Performances of Greek epics customarily began with a hymn to a
god or goddess--as Hesiod's "Theogony" and "Works and Days" do. A
collection of thirty-three such poems has come down to us from
antiquity under the title "Hymns of Homer." This new Loeb Classical
Library volume contains, in addition to the Hymns, fragments of
five comic poems that were connected with Homer's name in or just
after the Classical period (but are not today believed to be by the
author of the "Iliad" and the "Odyssey"). Here too is a collection
of ancient accounts of the poet's life.
The Hymns range widely in length: two are over 500 lines long;
several run only a half dozen lines. Among the longest are the hymn
To Demeter, which tells the foundational story of the Eleusinian
Mysteries; and To Hermes, distinctive in being amusing.
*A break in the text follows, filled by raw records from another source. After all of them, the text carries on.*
lemma y_weak_conv: "\<exists>z. (\<forall>u. f z \<le> f u) \<and> weak_conv y z"
proof (rule tail_hull_opial)
  have "norm (y k) \<le> norm xmin + R" for k
    using norm_triangle_sub[of "y k" xmin] fejer_monotone[of xmin 0 k] xmin_le unfolding R_def by fastforce
  then show "bounded (range y)" by (auto intro: boundedI)
  show "convergent (\<lambda>k. (norm (y k - w))\<^sup>2)" if "\<forall>u. f w \<le> f u" for w
  proof -
    have "decseq (\<lambda>k. (norm (y k - w))\<^sup>2)"
      using fejer_monotone[OF that] by (auto simp: decseq_def intro: power_mono)
    then obtain L where "(\<lambda>k. (norm (y k - w))\<^sup>2) \<longlonglongrightarrow> L"
      using decseq_convergent[of _ 0] by (metis zero_le_power2)
    then show ?thesis by (auto simp: convergent_def)
  qed
  show "\<forall>u. f w \<le> f u" if "\<And>n. w \<in> tail_hull y n" for w
  proof -
    have "tail_hull y n \<subseteq> {v. f v \<le> f (y n)}" for n
      using f_y_antimono
      by (intro tail_hull_subset closed_Collect_le f_continuous continuous_on_const convex_sublevel convex)
        auto
    then have "f w \<le> f (y n)" for n using that by blast
    then have "f w \<le> f xmin" by (intro LIMSEQ_le_const[OF f_y_tendsto]) auto
    then show ?thesis using xmin_le order_trans by blast
  qed
qed

lemma x_weak_conv: "\<exists>z. (\<forall>u. f z \<le> f u) \<and> weak_conv x z"
proof -
  obtain z where z: "\<forall>u. f z \<le> f u" "weak_conv y z" using y_weak_conv by blast
  have "(\<lambda>k. x k \<bullet> v) \<longlonglongrightarrow> z \<bullet> v" for v
    by (rule weighted_average_tendsto[where b = "\<lambda>k. y k \<bullet> v", OF lam_pos tau_0 tau_Suc _ _ tau_tendsto_at_top])
      (use z(2) in \<open>simp_all add: x_Suc inner_add_left weak_conv_def\<close>)
  then show ?thesis using z(1) unfolding weak_conv_def by blast
qed

end

theorem mainTheorem15:
  fixes f :: "'a::{real_inner, complete_space} \<Rightarrow> real"
    and gradf :: "'a \<Rightarrow> 'a"
    and p :: real
    and x y :: "nat \<Rightarrow> 'a" and ym1 :: 'a
    and lam tau :: "nat \<Rightarrow> real"
  assumes convex: "convex_on UNIV f"
    and grad: "\<And>u. (f has_derivative (\<lambda>h. gradf u \<bullet> h)) (at u)"
    and grad_cont: "continuous_on UNIV gradf"
    and grad_lip: "\<And>B. bounded B \<Longrightarrow> \<exists>L. \<forall>u\<in>B. \<forall>v\<in>B. norm (gradf u - gradf v) \<le> L * norm (u - v)"
    and S_ne: "\<exists>z. \<forall>u. f z \<le> f u"
    and p: "p \<ge> 1"
    and y_init: "y 0 \<noteq> ym1"
    and lam_def: "\<And>k. lam k = norm (y k - (if k = 0 then ym1 else y (k - 1))) powr (- ((p - 1) / p))"
    and y_rec: "\<And>k. y (Suc k) = prox (lam k) f (y k)"
    and tau0: "tau 0 = 0"
    and tau_rec: "\<And>k. tau (Suc k) = tau k + lam k"
    and x_rec: "\<And>k. x (Suc k) = (1 - lam k / tau (Suc k)) *\<^sub>R x k + (lam k / tau (Suc k)) *\<^sub>R y (Suc k)"
    and grad_nz: "\<And>k. gradf (y k) \<noteq> 0"
  shows "(\<lambda>k. f (x k) - (INF u. f u)) \<in> O(\<lambda>k. real k powr (- (2 - 1 / p)))
         \<and> (\<exists>z. (\<forall>u. f z \<le> f u) \<and> weak_conv x z)"
proof -
  interpret averaged_prox_scheme f gradf p x y ym1 lam tau
    using convex grad S_ne p y_init lam_def y_rec tau0 tau_rec x_rec grad_nz
    by unfold_locales auto
  show ?thesis using f_x_rate x_weak_conv by blast
qed

end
The comic
poems gathered as Homeric Apocrypha include "Margites," the "Battle
of Frogs and Mice," and, for the first time in English, a fragment
of a perhaps earlier poem of the same type called "Battle of the
Weasel and the Mice." The edition of "Lives of Homer" contains "The
Contest of Homer and Hesiod" and nine other biographical accounts,
translated into English for the first time.
Martin West's faithful and pleasing translations are fully
annotated; his freshly edited texts offer new solutions to a number
of textual puzzles.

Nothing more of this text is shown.